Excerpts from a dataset
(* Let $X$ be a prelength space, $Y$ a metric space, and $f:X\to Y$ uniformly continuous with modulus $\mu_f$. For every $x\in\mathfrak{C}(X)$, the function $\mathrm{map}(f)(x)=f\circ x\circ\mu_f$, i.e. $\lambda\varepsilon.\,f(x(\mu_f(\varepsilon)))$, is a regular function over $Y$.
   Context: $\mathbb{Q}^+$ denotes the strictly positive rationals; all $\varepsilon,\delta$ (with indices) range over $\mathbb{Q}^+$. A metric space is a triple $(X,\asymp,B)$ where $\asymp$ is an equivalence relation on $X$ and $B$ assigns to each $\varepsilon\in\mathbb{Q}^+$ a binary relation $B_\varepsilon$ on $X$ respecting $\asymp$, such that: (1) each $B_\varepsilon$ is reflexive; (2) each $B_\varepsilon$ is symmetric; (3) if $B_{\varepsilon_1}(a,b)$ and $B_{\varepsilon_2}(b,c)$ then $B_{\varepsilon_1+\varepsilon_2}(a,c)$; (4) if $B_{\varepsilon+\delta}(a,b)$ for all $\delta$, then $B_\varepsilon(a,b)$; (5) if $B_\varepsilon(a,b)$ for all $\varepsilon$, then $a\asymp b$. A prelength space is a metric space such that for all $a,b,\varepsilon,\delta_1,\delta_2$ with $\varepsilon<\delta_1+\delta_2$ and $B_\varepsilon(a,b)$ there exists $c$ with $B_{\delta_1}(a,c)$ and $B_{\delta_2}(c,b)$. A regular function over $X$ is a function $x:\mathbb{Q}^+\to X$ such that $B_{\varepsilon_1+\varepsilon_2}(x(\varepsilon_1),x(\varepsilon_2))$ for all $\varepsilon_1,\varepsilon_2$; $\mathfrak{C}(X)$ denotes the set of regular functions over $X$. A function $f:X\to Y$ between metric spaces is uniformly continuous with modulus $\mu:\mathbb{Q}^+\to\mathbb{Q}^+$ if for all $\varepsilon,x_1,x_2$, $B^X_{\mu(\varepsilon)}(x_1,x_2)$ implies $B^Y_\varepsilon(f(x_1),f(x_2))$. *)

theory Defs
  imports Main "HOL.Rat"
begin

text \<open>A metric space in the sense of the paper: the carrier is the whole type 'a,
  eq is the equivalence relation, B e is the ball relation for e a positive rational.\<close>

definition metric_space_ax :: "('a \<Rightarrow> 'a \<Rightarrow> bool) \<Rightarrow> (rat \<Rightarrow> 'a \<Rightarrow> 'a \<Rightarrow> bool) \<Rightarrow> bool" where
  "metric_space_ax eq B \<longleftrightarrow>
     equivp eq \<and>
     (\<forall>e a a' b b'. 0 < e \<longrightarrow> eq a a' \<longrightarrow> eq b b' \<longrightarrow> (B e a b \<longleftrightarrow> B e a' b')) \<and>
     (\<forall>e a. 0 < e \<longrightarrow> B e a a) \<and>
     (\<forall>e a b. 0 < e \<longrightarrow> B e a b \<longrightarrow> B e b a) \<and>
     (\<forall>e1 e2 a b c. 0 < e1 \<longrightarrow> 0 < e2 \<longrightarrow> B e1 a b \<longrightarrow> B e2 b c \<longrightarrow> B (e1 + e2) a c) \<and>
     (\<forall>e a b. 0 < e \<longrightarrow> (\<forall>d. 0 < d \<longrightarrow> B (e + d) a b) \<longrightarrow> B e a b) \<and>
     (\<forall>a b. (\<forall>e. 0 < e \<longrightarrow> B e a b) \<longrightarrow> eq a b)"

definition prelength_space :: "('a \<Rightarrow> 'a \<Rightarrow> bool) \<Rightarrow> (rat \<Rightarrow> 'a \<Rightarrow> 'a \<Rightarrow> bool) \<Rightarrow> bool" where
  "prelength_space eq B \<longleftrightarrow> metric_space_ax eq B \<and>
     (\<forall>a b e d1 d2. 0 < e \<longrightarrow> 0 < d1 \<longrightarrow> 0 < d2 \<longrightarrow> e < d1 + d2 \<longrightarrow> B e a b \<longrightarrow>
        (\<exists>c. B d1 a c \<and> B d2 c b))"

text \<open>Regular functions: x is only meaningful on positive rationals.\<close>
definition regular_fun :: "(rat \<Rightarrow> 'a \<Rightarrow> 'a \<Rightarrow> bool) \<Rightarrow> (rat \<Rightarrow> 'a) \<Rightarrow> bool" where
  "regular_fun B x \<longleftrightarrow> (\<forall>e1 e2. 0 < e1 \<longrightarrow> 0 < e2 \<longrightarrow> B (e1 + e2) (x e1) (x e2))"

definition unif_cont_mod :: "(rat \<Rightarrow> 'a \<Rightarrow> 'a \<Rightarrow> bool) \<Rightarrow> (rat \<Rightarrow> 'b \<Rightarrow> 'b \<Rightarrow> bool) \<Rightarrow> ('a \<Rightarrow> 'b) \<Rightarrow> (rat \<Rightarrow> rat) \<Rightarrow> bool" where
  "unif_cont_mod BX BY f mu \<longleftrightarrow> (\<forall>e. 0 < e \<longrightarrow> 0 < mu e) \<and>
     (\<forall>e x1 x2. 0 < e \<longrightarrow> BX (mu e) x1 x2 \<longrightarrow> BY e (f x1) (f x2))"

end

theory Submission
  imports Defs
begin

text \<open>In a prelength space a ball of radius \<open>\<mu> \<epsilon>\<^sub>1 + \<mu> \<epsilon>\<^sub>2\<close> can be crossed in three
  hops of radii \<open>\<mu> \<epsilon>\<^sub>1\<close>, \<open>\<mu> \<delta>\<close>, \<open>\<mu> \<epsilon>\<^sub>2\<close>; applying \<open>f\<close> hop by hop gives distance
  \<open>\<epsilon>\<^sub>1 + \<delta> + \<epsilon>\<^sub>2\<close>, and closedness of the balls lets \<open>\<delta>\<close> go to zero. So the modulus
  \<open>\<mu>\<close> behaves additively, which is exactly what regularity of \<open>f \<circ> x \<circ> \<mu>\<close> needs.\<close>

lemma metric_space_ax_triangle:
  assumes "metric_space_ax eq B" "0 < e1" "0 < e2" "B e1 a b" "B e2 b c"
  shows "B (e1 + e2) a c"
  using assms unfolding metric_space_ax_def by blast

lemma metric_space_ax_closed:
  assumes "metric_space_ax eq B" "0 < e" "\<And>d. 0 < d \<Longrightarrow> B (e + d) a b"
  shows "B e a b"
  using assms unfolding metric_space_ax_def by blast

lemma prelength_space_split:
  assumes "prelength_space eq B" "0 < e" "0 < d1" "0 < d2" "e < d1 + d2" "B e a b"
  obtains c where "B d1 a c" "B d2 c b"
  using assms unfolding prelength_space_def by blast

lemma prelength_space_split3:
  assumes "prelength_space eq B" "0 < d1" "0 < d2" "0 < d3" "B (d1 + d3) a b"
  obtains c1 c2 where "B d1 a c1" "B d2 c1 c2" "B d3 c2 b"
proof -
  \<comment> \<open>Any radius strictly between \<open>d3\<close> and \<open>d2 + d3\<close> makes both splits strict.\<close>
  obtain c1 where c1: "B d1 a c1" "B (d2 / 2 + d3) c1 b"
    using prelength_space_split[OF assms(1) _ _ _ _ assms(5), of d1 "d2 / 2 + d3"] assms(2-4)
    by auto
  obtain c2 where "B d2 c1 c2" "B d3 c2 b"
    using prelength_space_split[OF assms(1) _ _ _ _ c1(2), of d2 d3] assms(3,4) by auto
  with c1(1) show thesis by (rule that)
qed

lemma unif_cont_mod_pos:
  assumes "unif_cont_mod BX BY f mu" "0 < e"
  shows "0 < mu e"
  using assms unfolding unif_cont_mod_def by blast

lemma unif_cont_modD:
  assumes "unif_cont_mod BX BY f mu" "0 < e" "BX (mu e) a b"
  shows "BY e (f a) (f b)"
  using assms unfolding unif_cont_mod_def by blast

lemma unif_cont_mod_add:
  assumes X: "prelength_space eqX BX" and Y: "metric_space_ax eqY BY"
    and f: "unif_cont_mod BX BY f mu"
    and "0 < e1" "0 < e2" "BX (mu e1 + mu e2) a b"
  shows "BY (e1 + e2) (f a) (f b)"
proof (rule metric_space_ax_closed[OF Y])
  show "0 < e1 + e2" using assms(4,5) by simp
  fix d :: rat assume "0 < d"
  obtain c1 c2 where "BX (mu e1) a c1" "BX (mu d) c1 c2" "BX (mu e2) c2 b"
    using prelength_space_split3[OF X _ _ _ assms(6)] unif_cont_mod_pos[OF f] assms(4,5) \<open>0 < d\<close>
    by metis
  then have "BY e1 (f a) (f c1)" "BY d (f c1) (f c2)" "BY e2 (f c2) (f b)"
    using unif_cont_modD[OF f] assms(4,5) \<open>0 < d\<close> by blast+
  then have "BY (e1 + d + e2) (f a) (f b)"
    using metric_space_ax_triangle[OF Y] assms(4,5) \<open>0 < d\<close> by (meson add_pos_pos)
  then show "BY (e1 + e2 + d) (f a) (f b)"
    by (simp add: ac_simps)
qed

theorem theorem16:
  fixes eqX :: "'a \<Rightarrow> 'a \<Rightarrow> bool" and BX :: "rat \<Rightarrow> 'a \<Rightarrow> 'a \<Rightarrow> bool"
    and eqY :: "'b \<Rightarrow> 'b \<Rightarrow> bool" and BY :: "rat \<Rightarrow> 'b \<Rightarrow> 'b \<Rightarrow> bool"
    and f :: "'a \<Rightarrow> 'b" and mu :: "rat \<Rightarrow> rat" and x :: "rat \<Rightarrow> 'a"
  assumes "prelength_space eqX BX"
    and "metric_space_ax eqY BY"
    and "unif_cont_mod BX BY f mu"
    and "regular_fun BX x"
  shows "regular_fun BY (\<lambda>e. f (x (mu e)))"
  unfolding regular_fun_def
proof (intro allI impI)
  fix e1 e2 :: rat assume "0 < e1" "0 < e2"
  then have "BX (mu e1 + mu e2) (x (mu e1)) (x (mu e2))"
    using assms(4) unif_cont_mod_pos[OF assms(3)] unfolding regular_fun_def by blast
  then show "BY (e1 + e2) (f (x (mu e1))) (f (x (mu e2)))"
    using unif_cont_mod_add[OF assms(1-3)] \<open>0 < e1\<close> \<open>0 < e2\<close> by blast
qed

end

= What is expected =
With the first line being the one containing "(\<forall>e a b. 0 < e \<longrightarrow> B" and the last line the one containing "(rat \<Rightarrow> 'b", transcribe exactly the lines above that fall in that range.

= Response to the exercise =
     (\<forall>e a b. 0 < e \<longrightarrow> B e a b \<longrightarrow> B e b a) \<and>
     (\<forall>e1 e2 a b c. 0 < e1 \<longrightarrow> 0 < e2 \<longrightarrow> B e1 a b \<longrightarrow> B e2 b c \<longrightarrow> B (e1 + e2) a c) \<and>
     (\<forall>e a b. 0 < e \<longrightarrow> (\<forall>d. 0 < d \<longrightarrow> B (e + d) a b) \<longrightarrow> B e a b) \<and>
     (\<forall>a b. (\<forall>e. 0 < e \<longrightarrow> B e a b) \<longrightarrow> eq a b)"

definition prelength_space :: "('a \<Rightarrow> 'a \<Rightarrow> bool) \<Rightarrow> (rat \<Rightarrow> 'a \<Rightarrow> 'a \<Rightarrow> bool) \<Rightarrow> bool" where
  "prelength_space eq B \<longleftrightarrow> metric_space_ax eq B \<and>
     (\<forall>a b e d1 d2. 0 < e \<longrightarrow> 0 < d1 \<longrightarrow> 0 < d2 \<longrightarrow> e < d1 + d2 \<longrightarrow> B e a b \<longrightarrow>
        (\<exists>c. B d1 a c \<and> B d2 c b))"

text \<open>Regular functions: x is only meaningful on positive rationals.\<close>
definition regular_fun :: "(rat \<Rightarrow> 'a \<Rightarrow> 'a \<Rightarrow> bool) \<Rightarrow> (rat \<Rightarrow> 'a) \<Rightarrow> bool" where
  "regular_fun B x \<longleftrightarrow> (\<forall>e1 e2. 0 < e1 \<longrightarrow> 0 < e2 \<longrightarrow> B (e1 + e2) (x e1) (x e2))"

definition unif_cont_mod :: "(rat \<Rightarrow> 'a \<Rightarrow> 'a \<Rightarrow> bool) \<Rightarrow> (rat \<Rightarrow> 'b \<Rightarrow> 'b \<Rightarrow> bool) \<Rightarrow> ('a \<Rightarrow> 'b) \<Rightarrow> (rat \<Rightarrow> rat) \<Rightarrow> bool" where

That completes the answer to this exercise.